◆ **EXERCISE**:
Copy word for word the lines from the start of the records through the line that contains "unfolding max4_def", both included.
::::
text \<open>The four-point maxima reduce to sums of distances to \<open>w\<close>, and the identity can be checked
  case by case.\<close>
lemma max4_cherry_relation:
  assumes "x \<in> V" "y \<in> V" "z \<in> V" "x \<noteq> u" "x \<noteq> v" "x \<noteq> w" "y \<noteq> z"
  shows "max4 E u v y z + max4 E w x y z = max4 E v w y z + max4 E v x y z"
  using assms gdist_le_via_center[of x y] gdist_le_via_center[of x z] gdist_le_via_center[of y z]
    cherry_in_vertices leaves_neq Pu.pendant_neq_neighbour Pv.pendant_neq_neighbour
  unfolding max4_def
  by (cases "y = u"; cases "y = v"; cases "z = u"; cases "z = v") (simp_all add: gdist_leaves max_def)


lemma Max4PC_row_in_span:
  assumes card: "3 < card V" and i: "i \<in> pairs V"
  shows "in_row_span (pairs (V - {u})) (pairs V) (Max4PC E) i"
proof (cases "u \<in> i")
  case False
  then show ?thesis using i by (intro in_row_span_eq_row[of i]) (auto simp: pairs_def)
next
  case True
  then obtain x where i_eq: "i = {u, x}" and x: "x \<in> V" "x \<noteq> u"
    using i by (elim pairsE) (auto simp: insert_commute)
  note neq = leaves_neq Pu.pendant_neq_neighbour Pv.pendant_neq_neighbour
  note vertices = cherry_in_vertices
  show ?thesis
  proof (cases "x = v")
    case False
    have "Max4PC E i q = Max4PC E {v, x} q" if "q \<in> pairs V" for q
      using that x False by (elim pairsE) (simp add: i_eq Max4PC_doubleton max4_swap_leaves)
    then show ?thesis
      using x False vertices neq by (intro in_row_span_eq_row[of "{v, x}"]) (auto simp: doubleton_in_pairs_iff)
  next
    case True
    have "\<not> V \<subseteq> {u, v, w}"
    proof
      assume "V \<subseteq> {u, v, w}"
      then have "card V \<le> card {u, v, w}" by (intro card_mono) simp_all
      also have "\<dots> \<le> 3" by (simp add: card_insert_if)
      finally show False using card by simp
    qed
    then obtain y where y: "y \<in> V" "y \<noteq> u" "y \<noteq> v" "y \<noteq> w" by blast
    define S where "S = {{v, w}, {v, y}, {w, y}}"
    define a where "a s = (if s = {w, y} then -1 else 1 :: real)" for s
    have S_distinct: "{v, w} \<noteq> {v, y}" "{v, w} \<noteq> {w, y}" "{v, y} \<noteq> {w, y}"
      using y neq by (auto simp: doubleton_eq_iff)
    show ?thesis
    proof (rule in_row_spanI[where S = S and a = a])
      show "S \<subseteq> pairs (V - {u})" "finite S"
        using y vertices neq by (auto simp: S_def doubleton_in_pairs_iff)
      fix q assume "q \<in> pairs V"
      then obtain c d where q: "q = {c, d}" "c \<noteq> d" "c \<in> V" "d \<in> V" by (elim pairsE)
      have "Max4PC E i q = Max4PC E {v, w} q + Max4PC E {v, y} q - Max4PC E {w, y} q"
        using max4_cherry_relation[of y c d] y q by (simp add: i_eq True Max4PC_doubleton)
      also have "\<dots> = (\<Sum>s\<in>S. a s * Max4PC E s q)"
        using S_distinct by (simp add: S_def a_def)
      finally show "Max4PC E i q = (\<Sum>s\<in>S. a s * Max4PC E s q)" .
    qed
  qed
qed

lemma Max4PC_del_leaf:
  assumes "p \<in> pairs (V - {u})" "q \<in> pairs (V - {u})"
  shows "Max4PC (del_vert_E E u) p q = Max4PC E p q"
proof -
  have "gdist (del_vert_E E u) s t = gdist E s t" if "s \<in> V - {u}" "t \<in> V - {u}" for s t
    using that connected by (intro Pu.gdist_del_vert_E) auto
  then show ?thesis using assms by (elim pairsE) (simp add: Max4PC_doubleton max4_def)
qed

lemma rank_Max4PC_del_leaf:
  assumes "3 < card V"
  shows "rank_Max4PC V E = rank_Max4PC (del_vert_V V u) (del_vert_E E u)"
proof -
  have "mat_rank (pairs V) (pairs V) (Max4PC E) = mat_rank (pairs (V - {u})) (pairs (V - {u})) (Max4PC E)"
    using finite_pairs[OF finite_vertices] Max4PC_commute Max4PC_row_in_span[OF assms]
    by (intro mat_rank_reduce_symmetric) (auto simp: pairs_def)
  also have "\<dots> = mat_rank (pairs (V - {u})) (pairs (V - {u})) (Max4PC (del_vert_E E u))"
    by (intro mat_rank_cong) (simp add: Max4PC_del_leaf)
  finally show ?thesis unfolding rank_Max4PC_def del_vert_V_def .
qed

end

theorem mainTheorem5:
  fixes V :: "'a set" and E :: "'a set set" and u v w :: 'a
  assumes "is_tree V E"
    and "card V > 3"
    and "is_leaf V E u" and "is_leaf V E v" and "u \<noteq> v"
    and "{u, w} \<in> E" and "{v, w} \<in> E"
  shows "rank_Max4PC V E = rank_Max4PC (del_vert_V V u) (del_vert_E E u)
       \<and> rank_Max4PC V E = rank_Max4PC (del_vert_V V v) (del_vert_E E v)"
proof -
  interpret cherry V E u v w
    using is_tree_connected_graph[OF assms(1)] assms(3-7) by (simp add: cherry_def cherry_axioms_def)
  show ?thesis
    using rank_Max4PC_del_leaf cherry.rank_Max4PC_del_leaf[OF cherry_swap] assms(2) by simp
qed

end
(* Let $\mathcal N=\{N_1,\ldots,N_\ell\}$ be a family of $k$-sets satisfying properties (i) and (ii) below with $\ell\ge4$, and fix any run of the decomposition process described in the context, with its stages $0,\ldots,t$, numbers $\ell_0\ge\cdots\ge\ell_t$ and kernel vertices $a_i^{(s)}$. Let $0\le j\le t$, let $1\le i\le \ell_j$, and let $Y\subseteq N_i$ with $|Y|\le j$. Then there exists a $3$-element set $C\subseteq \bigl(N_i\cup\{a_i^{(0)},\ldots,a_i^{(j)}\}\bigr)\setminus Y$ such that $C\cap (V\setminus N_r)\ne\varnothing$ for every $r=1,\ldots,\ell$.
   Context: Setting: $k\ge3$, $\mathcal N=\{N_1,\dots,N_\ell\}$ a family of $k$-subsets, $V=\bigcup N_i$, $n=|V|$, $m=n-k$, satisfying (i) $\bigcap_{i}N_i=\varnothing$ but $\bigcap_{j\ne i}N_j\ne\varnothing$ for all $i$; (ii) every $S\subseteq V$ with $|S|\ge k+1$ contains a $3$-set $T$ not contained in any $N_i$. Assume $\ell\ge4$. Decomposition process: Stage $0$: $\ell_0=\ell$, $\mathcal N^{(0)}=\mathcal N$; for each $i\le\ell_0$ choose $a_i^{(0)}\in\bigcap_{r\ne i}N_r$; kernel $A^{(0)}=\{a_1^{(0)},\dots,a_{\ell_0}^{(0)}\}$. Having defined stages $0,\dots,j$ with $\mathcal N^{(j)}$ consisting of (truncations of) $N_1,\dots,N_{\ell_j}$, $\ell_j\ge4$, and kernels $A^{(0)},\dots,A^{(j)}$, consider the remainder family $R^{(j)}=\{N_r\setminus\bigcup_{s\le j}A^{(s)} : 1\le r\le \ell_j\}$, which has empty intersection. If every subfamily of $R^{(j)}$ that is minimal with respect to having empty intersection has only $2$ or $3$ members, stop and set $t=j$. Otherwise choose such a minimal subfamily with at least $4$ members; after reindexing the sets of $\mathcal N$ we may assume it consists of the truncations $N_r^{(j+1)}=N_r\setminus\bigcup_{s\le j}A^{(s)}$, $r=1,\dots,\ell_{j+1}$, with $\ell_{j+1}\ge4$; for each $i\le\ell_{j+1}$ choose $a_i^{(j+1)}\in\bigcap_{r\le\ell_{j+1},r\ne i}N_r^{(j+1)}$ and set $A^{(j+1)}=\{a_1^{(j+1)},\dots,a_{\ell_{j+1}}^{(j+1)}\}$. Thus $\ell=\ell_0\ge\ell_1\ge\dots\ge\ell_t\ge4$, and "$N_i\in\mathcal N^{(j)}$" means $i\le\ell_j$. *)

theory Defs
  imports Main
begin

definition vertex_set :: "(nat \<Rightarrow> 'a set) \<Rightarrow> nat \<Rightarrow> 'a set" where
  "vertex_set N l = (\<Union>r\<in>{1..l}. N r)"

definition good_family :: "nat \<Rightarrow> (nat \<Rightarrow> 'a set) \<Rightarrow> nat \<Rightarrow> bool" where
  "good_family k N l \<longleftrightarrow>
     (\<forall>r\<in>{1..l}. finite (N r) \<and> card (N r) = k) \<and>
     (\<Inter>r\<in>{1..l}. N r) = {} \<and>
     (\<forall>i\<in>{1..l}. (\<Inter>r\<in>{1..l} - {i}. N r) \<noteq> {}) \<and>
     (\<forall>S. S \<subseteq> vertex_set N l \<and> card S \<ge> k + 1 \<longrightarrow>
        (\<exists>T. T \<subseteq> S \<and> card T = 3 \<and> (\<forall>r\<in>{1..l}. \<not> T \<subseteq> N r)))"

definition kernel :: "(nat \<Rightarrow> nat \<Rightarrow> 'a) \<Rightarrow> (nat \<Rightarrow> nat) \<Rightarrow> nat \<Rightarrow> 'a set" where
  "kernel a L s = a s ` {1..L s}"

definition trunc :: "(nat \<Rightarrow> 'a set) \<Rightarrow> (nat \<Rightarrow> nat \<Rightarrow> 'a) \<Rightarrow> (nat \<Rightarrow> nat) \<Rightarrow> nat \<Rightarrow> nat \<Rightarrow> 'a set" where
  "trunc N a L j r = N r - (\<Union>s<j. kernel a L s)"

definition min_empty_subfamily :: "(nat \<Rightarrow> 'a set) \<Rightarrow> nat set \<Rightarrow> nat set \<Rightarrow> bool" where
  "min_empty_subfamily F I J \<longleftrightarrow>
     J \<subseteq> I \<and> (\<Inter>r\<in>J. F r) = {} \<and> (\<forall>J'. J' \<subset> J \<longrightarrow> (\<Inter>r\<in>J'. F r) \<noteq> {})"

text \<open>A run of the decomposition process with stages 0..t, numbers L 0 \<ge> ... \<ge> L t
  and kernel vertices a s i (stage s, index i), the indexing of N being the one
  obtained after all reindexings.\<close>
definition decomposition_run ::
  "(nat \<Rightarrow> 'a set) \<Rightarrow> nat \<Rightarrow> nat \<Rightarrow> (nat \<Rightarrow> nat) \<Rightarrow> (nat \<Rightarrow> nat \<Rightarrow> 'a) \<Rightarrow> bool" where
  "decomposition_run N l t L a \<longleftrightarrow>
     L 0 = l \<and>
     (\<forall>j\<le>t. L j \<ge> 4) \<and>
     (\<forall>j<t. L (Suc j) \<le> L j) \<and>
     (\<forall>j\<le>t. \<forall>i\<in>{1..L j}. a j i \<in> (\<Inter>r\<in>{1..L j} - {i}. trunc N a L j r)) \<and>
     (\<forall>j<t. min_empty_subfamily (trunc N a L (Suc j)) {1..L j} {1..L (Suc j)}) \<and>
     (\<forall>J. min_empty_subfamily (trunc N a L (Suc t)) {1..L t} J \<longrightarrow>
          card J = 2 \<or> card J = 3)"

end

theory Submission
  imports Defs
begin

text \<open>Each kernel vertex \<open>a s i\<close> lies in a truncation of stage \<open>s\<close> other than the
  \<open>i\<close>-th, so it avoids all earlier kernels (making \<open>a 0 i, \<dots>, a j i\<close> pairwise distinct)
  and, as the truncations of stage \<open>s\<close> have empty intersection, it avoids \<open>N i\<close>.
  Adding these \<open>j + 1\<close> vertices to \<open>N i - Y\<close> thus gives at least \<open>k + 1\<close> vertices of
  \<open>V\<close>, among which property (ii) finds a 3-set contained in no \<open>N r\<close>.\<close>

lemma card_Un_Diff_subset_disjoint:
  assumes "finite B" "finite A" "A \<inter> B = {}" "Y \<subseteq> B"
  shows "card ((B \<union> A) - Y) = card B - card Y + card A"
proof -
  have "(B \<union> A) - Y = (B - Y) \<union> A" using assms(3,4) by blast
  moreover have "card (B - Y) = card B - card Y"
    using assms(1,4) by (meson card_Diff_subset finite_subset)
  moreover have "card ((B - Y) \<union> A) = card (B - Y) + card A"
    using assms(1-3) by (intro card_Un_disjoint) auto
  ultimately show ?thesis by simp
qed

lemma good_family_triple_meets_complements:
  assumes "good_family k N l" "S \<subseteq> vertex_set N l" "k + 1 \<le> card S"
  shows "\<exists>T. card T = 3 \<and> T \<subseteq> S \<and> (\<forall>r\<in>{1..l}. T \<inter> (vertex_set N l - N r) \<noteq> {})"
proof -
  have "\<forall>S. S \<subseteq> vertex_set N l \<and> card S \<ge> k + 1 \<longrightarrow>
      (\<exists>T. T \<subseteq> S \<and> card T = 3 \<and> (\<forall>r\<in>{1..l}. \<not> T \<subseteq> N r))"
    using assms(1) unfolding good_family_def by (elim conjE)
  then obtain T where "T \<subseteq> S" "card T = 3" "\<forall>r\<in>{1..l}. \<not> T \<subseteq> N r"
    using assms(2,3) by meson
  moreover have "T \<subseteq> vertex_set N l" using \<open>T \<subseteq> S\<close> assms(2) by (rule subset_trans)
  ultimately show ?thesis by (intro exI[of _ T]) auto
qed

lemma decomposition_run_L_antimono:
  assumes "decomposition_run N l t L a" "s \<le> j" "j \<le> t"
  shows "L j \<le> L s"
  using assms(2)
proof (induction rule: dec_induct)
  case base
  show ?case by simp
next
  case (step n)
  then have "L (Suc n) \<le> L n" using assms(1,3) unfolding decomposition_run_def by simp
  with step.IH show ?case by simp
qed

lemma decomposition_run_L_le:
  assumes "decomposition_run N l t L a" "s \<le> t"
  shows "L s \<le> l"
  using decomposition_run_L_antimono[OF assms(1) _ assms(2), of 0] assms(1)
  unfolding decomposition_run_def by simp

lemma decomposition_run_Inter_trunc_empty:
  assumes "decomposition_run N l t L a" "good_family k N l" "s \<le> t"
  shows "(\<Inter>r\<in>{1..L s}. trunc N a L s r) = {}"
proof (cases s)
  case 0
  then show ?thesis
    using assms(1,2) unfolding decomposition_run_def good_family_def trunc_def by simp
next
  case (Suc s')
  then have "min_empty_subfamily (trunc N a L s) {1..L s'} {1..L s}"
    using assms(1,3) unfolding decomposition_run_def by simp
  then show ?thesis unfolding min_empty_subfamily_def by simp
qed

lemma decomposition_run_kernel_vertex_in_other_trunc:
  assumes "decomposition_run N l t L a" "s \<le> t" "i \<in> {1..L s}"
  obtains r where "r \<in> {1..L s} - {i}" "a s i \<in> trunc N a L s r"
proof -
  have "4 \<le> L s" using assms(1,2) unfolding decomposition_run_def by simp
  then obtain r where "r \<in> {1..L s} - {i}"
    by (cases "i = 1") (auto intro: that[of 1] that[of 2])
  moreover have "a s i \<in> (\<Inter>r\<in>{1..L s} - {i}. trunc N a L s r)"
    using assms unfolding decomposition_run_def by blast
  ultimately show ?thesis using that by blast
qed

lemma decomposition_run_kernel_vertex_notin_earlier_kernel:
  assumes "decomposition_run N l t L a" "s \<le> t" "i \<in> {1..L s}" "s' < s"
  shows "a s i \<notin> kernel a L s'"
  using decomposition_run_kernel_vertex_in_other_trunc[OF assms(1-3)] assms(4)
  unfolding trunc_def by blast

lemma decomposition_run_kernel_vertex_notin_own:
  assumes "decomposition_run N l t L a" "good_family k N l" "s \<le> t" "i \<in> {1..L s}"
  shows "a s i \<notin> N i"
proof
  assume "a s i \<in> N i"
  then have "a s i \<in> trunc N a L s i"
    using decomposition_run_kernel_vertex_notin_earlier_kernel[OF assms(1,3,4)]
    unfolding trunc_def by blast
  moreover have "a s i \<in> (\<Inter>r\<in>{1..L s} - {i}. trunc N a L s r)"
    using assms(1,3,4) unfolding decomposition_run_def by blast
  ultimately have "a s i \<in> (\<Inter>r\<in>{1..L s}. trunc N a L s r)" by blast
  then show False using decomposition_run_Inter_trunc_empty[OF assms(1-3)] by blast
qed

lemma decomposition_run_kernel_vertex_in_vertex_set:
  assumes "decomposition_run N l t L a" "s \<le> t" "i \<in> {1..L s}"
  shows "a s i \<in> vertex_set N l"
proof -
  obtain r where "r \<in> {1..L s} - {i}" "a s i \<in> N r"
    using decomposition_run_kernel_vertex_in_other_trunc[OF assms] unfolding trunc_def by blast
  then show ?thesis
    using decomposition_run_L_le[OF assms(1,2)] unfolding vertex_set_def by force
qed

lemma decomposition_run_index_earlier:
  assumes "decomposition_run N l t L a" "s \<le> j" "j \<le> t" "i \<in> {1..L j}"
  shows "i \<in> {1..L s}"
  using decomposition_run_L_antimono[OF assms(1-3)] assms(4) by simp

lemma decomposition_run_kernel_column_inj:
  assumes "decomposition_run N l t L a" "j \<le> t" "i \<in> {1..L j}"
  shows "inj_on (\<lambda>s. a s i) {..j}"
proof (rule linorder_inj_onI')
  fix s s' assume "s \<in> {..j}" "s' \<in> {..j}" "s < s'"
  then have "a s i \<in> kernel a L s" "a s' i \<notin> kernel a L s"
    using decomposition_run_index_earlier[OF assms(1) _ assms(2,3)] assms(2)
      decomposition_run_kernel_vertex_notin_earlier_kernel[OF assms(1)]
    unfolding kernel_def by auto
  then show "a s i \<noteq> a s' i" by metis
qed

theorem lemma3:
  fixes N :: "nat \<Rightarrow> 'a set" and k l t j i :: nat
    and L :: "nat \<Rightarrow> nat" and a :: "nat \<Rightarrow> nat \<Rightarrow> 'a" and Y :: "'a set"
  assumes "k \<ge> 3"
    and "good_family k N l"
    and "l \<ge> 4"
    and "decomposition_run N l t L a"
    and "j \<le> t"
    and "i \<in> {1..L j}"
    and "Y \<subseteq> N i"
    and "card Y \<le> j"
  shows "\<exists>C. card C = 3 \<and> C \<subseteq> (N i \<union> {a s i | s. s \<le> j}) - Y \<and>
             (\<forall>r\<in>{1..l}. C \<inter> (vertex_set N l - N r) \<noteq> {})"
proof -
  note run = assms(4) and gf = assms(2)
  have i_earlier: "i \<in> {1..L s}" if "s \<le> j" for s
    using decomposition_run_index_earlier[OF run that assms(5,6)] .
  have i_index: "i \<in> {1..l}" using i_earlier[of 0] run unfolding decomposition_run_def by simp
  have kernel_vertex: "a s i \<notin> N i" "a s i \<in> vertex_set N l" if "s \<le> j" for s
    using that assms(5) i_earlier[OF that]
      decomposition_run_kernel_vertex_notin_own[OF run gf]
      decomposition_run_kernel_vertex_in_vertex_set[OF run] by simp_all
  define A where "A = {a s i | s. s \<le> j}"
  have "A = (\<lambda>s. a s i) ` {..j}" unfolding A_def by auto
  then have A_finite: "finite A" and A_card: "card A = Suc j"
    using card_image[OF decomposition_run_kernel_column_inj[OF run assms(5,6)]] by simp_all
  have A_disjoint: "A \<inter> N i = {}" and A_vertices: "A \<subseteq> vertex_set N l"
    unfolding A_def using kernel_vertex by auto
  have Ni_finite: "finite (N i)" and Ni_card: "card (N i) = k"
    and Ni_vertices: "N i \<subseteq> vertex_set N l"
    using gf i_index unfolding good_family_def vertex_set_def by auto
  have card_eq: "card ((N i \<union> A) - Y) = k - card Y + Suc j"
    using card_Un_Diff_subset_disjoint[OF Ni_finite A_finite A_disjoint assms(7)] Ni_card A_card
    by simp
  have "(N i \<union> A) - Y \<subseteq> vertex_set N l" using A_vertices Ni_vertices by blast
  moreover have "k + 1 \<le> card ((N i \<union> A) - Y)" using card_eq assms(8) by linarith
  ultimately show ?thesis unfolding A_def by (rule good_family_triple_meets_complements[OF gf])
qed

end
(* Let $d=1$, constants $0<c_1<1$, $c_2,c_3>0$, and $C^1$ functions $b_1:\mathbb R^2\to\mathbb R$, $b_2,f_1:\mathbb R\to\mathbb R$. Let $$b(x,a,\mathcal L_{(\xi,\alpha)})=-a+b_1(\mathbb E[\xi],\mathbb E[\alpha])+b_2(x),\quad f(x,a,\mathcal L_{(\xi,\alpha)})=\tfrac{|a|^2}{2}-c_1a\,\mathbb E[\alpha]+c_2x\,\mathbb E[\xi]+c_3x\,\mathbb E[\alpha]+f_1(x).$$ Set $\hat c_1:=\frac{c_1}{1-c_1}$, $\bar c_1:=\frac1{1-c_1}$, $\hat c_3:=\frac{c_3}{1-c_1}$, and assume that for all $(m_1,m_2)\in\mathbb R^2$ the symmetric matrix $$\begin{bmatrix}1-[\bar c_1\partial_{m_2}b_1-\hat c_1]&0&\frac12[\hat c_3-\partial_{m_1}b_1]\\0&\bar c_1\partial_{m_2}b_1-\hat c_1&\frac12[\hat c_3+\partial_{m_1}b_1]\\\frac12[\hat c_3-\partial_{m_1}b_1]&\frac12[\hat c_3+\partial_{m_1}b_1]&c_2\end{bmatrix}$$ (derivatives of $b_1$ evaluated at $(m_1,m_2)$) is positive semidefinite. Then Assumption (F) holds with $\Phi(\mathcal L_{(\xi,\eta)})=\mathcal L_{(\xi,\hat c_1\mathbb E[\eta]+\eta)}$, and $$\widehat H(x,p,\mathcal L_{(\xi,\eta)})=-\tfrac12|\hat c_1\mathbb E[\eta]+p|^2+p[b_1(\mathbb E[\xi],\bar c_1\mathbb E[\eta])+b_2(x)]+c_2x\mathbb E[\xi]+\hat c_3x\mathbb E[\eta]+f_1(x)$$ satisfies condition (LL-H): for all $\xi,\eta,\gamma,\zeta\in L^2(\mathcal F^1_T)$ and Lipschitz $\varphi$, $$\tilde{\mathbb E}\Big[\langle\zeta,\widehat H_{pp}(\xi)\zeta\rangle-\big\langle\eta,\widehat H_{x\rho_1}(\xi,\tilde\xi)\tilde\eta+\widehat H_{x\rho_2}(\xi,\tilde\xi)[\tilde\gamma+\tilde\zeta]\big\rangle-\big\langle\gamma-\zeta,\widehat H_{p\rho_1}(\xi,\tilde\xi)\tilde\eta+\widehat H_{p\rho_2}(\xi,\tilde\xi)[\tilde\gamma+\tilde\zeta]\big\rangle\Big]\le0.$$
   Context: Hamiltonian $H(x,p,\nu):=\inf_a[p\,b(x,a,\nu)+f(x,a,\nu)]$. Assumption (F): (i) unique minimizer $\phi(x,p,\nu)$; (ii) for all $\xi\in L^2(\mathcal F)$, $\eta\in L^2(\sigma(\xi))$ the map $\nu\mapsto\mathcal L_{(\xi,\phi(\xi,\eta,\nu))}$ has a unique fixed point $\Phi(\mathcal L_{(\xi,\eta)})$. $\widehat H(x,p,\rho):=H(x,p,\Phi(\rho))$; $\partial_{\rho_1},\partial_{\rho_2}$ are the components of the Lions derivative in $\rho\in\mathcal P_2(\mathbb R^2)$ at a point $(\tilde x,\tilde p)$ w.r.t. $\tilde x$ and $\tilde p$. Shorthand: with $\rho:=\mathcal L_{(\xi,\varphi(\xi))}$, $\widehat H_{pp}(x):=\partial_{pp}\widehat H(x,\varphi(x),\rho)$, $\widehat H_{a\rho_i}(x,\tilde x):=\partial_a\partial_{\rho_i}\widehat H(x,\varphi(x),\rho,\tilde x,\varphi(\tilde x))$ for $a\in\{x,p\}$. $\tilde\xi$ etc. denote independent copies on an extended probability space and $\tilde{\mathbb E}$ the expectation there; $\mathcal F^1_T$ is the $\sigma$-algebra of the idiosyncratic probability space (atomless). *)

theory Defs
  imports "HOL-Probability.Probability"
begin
::::
◆ **OUTPUT FOR THIS EXERCISE**:
text \<open>The four-point maxima reduce to sums of distances to \<open>w\<close>, and the identity can be checked
  case by case.\<close>
lemma max4_cherry_relation:
  assumes "x \<in> V" "y \<in> V" "z \<in> V" "x \<noteq> u" "x \<noteq> v" "x \<noteq> w" "y \<noteq> z"
  shows "max4 E u v y z + max4 E w x y z = max4 E v w y z + max4 E v x y z"
  using assms gdist_le_via_center[of x y] gdist_le_via_center[of x z] gdist_le_via_center[of y z]
    cherry_in_vertices leaves_neq Pu.pendant_neq_neighbour Pv.pendant_neq_neighbour
  unfolding max4_def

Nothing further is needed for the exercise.